Show every line in the records below that contains the word "linarith".

Given information:
# # # # #

lemma block_eqD:
  assumes "block l' b' p = block l b p" and "k \<le> rise_right l p"
  shows "rise_right l' p = rise_right l p" and "l' (p + int k) = l (p + int k)"
    and "rise_left l' (p + int k) = rise_left l (p + int k)"
    and "\<forall>j<l p. b' (p + int k) j = b (p + int k) j"
proof -
  show rr: "rise_right l' p = rise_right l p"
    using arg_cong[OF assms(1), of length] by simp
  have "block l' b' p ! 0 = block l b p ! 0" using assms(1) by simp
  then have lp: "l' p = l p" by (simp add: nth_block rr site_def)
  have "block l' b' p ! k = block l b p ! k" using assms(1) by simp
  then have "site l' b' (l p) (p + int k) = site l b (l p) (p + int k)"
    using assms(2) rr lp by (simp add: nth_block)
  then show "l' (p + int k) = l (p + int k)" "rise_left l' (p + int k) = rise_left l (p + int k)"
    and "\<forall>j<l p. b' (p + int k) j = b (p + int k) j"
    by (auto simp: site_def map_eq_conv)
qed

lemma block_cong:
  assumes "rise_right l' p = rise_right l p"
    and "\<And>k. k \<le> rise_right l p \<Longrightarrow> l' (p + int k) = l (p + int k)
           \<and> rise_left l' (p + int k) = rise_left l (p + int k)
           \<and> (\<forall>j<l p. b' (p + int k) j = b (p + int k) j)"
  shows "block l' b' p = block l b p"
proof -
  have "l' p = l p" using assms(2)[of 0] by simp
  then show ?thesis
    unfolding block_def assms(1) using assms(2)
    by (intro map_cong) (auto simp: site_def less_Suc_eq_le)
qed

lemma rise_right_le_rise_right_rise_left:
  assumes "unbounded_both_ways l"
  shows "p + int (rise_right l p) \<le> (p - int (rise_left l p)) + int (rise_right l (p - int (rise_left l p)))"
proof (rule ccontr)
  define t where "t = p - int (rise_left l p)"
  define r where "r = t + int (rise_right l t)"
  assume "\<not> ?thesis"
  then have r_lt: "r < p + int (rise_right l p)" unfolding r_def t_def by simp
  have "l p < l t" "l t < l r" "t < r"
    unfolding r_def t_def using assms rise_left_higher rise_right_higher rise_right_pos by auto
  moreover have "l r \<le> l p"
  proof (cases "r \<le> p")
    case True
    have "nat (p - r) < rise_left l p" using True \<open>t < r\<close> unfolding t_def by simp
    then show ?thesis
      using True rise_left_least[of "nat (p - r)" l p] by (cases "r = p") auto
  next
    case False
    then show ?thesis using r_lt rise_right_least[of "nat (r - p)" l p] by auto
  qed
  ultimately show False by simp
qed

lemma code_eq_if_block_eq_at_rise_left:
  assumes unbounded: "unbounded_both_ways l"
    and eq: "block l' b' (p - int (rise_left l p)) = block l b (p - int (rise_left l p))"
  shows "code l' b' p = code l b p"
proof -
  define t where "t = p - int (rise_left l p)"
  have agree: "l' (p + int k) = l (p + int k) \<and> rise_left l' (p + int k) = rise_left l (p + int k)
      \<and> (\<forall>j<l p. b' (p + int k) j = b (p + int k) j)" if "k \<le> rise_right l p" for k
  proof -
    have "rise_left l p + k \<le> rise_right l t"
      using rise_right_le_rise_right_rise_left[OF unbounded, of p] that unfolding t_def by simp
    note site_eq = block_eqD(2-4)[OF eq[folded t_def] this]
    have index: "t + int (rise_left l p + k) = p + int k" unfolding t_def by simp
    have "l p < l t" using rise_left_higher[OF unbounded] unfolding t_def .
    with site_eq show ?thesis unfolding index by auto
  qed
  have "rise_right l' p = rise_right l p"
    by (rule rise_right_cong[OF unbounded]) (use agree in blast)
  then have "block l' b' p = block l b p" by (rule block_cong) (rule agree)
  moreover have "rise_left l' (p + 1) = rise_left l (p + 1)"
    using agree[of 1] rise_right_pos[OF unbounded, of p] by simp
  ultimately show ?thesis unfolding code_def by simp
qed

text \<open>The code at \<open>-1\<close> exceeds the distance back to a strictly higher level at \<open>0\<close>, and
  there the recorded block reaches beyond the block at \<open>0\<close>.\<close>
lemma code_determined_by_past:
  assumes unbounded: "unbounded_both_ways l" and n: "n = code l b (-1)"
    and eq: "\<And>i. - int n \<le> i \<Longrightarrow> i \<le> -1 \<Longrightarrow> code l' b' i = code l b i"
  shows "code l' b' 0 = code l b 0"
proof -
  define P where "P = rise_left l 0"
  have "0 < n" unfolding n code_def by simp
  then have "code l' b' (-1) = code l b (-1)" using eq by simp
  from code_eqD(1)[OF this] have "rise_left l' 0 = P" unfolding P_def by simp
  have "P \<le> prod_encode (P, to_nat (block l b (-1)))" by (rule le_prod_encode_1)
  then have "P < n" unfolding n code_def P_def by simp
  moreover have "0 < P" unfolding P_def using rise_left_pos[OF unbounded] .
  ultimately have "code l' b' (- int P) = code l b (- int P)" using eq by simp
  from code_eqD(2)[OF this] have "block l' b' (0 - int P) = block l b (0 - int P)" by simp
  then show ?thesis unfolding P_def by (rule code_eq_if_block_eq_at_rise_left[OF unbounded])
qed

lemma code_determines_bits:
  assumes unbounded: "unbounded_both_ways l" and eq: "\<And>i. code l' b' i = code l b i"
  shows "b' 0 j = b 0 j"
proof -
  have "\<exists>k. j < l (- int k)"
  proof -
    obtain i where "i < 0" "j < l i" using unbounded unfolding unbounded_both_ways_def by blast
    then show ?thesis by (intro exI[of _ "nat (- i)"]) simp
  qed
  define K where "K = (LEAST k. j < l (- int k))"
  define p where "p = - int K"
  have j_lt: "j < l p" unfolding p_def K_def by (rule LeastI_ex) fact
  have K_le: "K \<le> rise_right l p"
  proof (rule ccontr)
    assume "\<not> K \<le> rise_right l p"
    then have "K - rise_right l p < K" and "- int (K - rise_right l p) = p + int (rise_right l p)"
      using rise_right_pos[OF unbounded, of p] unfolding p_def by auto
    then have "l (p + int (rise_right l p)) \<le> j"
      using not_less_Least[of "K - rise_right l p" "\<lambda>k. j < l (- int k)"] unfolding K_def by simp
    then show False using rise_right_higher[OF unbounded, of p] j_lt by simp
  qed
  have "block l' b' p = block l b p" using code_eqD(2)[OF eq[of p]] .
  from block_eqD(4)[OF this K_le] j_lt show ?thesis unfolding p_def by simp
qed

lemma code_local:
  assumes unbounded: "unbounded_both_ways l"
    and levels_agree: "\<And>i. - int (\<Sum>k\<le>rise_right l 0. rise_left l (int k)) \<le> i \<Longrightarrow>
                 i \<le> int (rise_right l 0) \<Longrightarrow> l' i = l i"
    and bits_agree: "\<And>i j. 0 \<le> i \<Longrightarrow> i \<le> int (rise_right l 0) \<Longrightarrow> j < l 0 \<Longrightarrow> b' i j = b i j"
  shows "code l' b' 0 = code l b 0"
proof -
  have rise_left_eq: "rise_left l' (int k) = rise_left l (int k)" if "k \<le> rise_right l 0" for k
  proof (rule rise_left_cong[OF unbounded])
    fix k' assume "k' \<le> rise_left l (int k)"
    moreover have "rise_left l (int k) \<le> (\<Sum>k\<le>rise_right l 0. rise_left l (int k))"
      by (rule member_le_sum) (use that in auto)
    ultimately have "- int (\<Sum>k\<le>rise_right l 0. rise_left l (int k)) \<le> int k - int k'"
      by linarith
    then show "l' (int k - int k') = l (int k - int k')"
      using levels_agree that by simp
  qed
  have levels_agree_right: "l' (int k) = l (int k)" if "k \<le> rise_right l 0" for k
    by (rule levels_agree) (use that in linarith)+
  have "rise_right l' 0 = rise_right l 0"
    by (rule rise_right_cong[OF unbounded]) (use levels_agree_right in simp)
  then have "block l' b' 0 = block l b 0"
    by (rule block_cong) (use levels_agree_right bits_agree rise_left_eq in simp)
  moreover have "rise_left l' 1 = rise_left l 1"
    using rise_left_eq[of 1] rise_right_pos[OF unbounded, of 0] by simp
  ultimately show ?thesis unfolding code_def by simp
qed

# # # # #

Final answer:
      by linarith
    by (rule levels_agree) (use that in linarith)+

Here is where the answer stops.